1.5 Instantiating CLI classes

In this section, you'll see how CLI classes are instantiated using the gcnewoperator. You'll also learn how constructors, copy constructors, and assignment operators work with managed types. Although the basic concepts remain the same, the nature of the CLI imposes some behavioral differences in the way constructors and assignment operators work; when you start writing managed classes and libraries, it's important that you understand those differences. Don't worry about it, though. Once you've seen how managed objects work with constructors and assignment operators, the differences between instantiating managed and native objects will automatically become clear.

1.5.1 The gcnew operator

The gcnew operator is used to instantiate CLI objects. It returns a handle to the newly created object on the CLR heap. Although it's similar to the new operator, there are some important differences: gcnew has neither an array form nor a placement form, and it can't be overloaded either globally or specifically to a class. A placement form wouldn't make a lot of sense for a CLI type, when you consider that the memory is allocated by the Garbage Collector. It's for the same reason you aren't permitted to overload the gcnew operator. There is no array form for gcnew because CLI arrays use an entirely different syntax from native arrays, which we'll cover in detail in the next chapter. If the CLR can't allocate enough memory for creating the object, a System::OutOfMemoryExceptionis thrown, although chances are slim that you'll ever run into that situation. (If you do get an OutOfMemoryException, and your system isn't running low on virtual memory, it's likely due to badly written code such as an infinite loop that keeps creating objects that are erroneously kept alive.) The following code listing shows a typical usage of the gcnew keyword to instantiate a managed object (in this case, the Student object):

ref class Student
{
    ...
};

...

Student^ student = gcnew Student();
student->SelectSubject("Math", 97);

The gcnew operator is compiled into the newobj MSIL instruction by the C++/CLI compiler. The newobj MSIL instruction creates a new CLI object—either a ref object on the CLR heap or a value object on the stack—although the C++/CLI compiler uses a different mechanism to handle the usage of the gcnew operator to create value type objects (which I'll describe later in this section). Because gcnew in C++ translates to newobj in the MSIL, the behavior of gcnew is pretty much dependent on, and therefore similar to, that of the newobj MSIL instruction. In fact, newobj throws System::OutOfMemoryException when it can't find enough memory to allocate the requested object. Once the object has been allocated on the CLR heap, the constructor is called on this object with zero or more arguments (depending on the constructor overload that was used). On successful completion of the call to the constructor, gcnew returns a handle to the instantiated object. It's important to note that if the constructor call doesn't successfully complete, as would be the case if an exception was raised inside the constructor, gcnew won't return a handle. This can be easily verified with the following code snippet:

ref class Student
{
public:
    Student()
    {
        throw gcnew Exception("hello world");
    }
};

//...

Student^ student = nullptr; //initialize the handle to nullptr

try
{
    student = gcnew Student(); //attempt to create object
}
catch(Exception^)
{
}

if(student == nullptr) //check to see if student is still nullptr
    Console::WriteLine("reference not allocated to handle");

Not surprisingly, student is still nullptr when it executes the if block. Because the constructor didn't complete executing, the CLR concludes that the object hasn't fully initialized, and it doesn't push the handle reference on the stack (as it would if the constructor had completed successfully).

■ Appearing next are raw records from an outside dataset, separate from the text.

text \<open>An upper semicontinuous function attains its maximum on a compact interval: the
  closed superlevel sets below the supremum M have the finite intersection property.\<close>

lemma usc_attains_max:
  assumes usc: "usc g" and ab: "a \<le> b"
  shows "\<exists>z\<in>{a..b}. \<forall>u\<in>{a..b}. g u \<le> g z"
proof -
  define M where "M = (SUP u\<in>{a..b}. ereal (g u))"
  define K where "K c = {u. c \<le> g u}" for c
  have "{a..b} \<inter> (\<Inter>c\<in>{c. ereal c < M}. K c) \<noteq> {}"
  proof (rule compact_imp_fip_image[OF compact_Icc])
    show "closed (K c)" for c
      unfolding K_def by (rule usc_closed_superlevel[OF usc])
  next
    fix C assume fin: "finite C" and sub: "C \<subseteq> {c. ereal c < M}"
    show "{a..b} \<inter> (\<Inter>c\<in>C. K c) \<noteq> {}"
    proof (cases "C = {}")
      case True
      then show ?thesis using ab by auto
    next
      case False
      then have "ereal (Max C) < M"
        using fin sub Max_in by blast
      then obtain u where "u \<in> {a..b}" "Max C < g u"
        unfolding M_def less_SUP_iff by auto
      moreover have "c \<le> Max C" if "c \<in> C" for c
        using fin that by simp
      ultimately show ?thesis
        unfolding K_def by force
    qed
  qed
  then obtain z where z: "z \<in> {a..b}" "\<And>c. ereal c < M \<Longrightarrow> c \<le> g z"
    unfolding K_def by blast
  have "g u \<le> g z" if u: "u \<in> {a..b}" for u
  proof (rule ccontr)
    assume less: "\<not> g u \<le> g z"
    then have "ereal ((g z + g u) / 2) < ereal (g u)"
      by simp
    also have "ereal (g u) \<le> M"
      unfolding M_def using u by (rule SUP_upper)
    finally have "(g z + g u) / 2 \<le> g z"
      by (rule z(2))
    then show False
      using less by simp
  qed
  then show ?thesis
    using z(1) by blast
qed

NOTE C++/CLI introduces the concept of a universal null literal called nullptr. This lets you use the same literal (nullptr) to represent a null pointer and a null handle value. The nullptr implicitly converts to a pointer or handle type; for the pointer, it evaluates to 0, as dictated by standard C++; for the handle, it evaluates to a null reference. You can use the nullptr in relational, equality, and assignment expressions with both pointers and handles.

As I mentioned earlier, using gcnew to instantiate a value type object generates MSIL that is different from what is generated when you instantiate a ref type. For example, consider the following code, which uses gcnew to instantiate a value type:

value class Marks
{
public:
    int Math;
    int Physics;
    int Chemistry;
};

//...

Marks^ marks = gcnew Marks();

For this code, the C++/CLI compiler uses the initobj MSIL instruction to create a Marks object on the stack. This object is then boxed to a Marks^ object. We'll discuss boxing and unboxing in the next section; for now, note that unless it's imperative to the context of your code to gcnew a value type object, doing so is inefficient. A stack object has to be created, and this must be boxed to a reference object. Not only do you end up creating two objects (one on the managed stack, the other on the managed heap), but you also incur the cost of boxing. The more efficient way to create an object of type Marks (or any value type) is to declare it on the stack, as follows:

Marks marks;

You've seen how calling gcnew calls the constructor on the instance of the type being created. In the coming section, we'll take a more involved look at how constructors work with CLI types.

1.5.2 Constructors

If you have a ref class, and you haven't written a default constructor, the compiler generates one for you. In MSIL, the constructor is a specially named instance method called .ctor. The default constructor that is generated for you calls the constructor of the immediate base class for the current class. If you haven't specified a base class, it calls the System::Object constructor, because every ref object implicitly derives from System::Object. For example, consider the following two classes, neither of which has a user-defined constructor:

ref class StudentBase
{
};

ref class Student: StudentBase
{
};

Neither Student nor StudentBase has a user-provided default constructor, but the compiler generates constructors for them. You can use a tool such as ildasm.exe (the IL Disassembler that comes with the .NET Framework) to examine the generated MSIL. If you do that, you'll observe that the generated constructor for Student calls the constructor for the StudentBase object:

call instance void StudentBase::.ctor()

The generated constructor for StudentBase calls the System::Object constructor:

call instance void [mscorlib]System.Object::.ctor()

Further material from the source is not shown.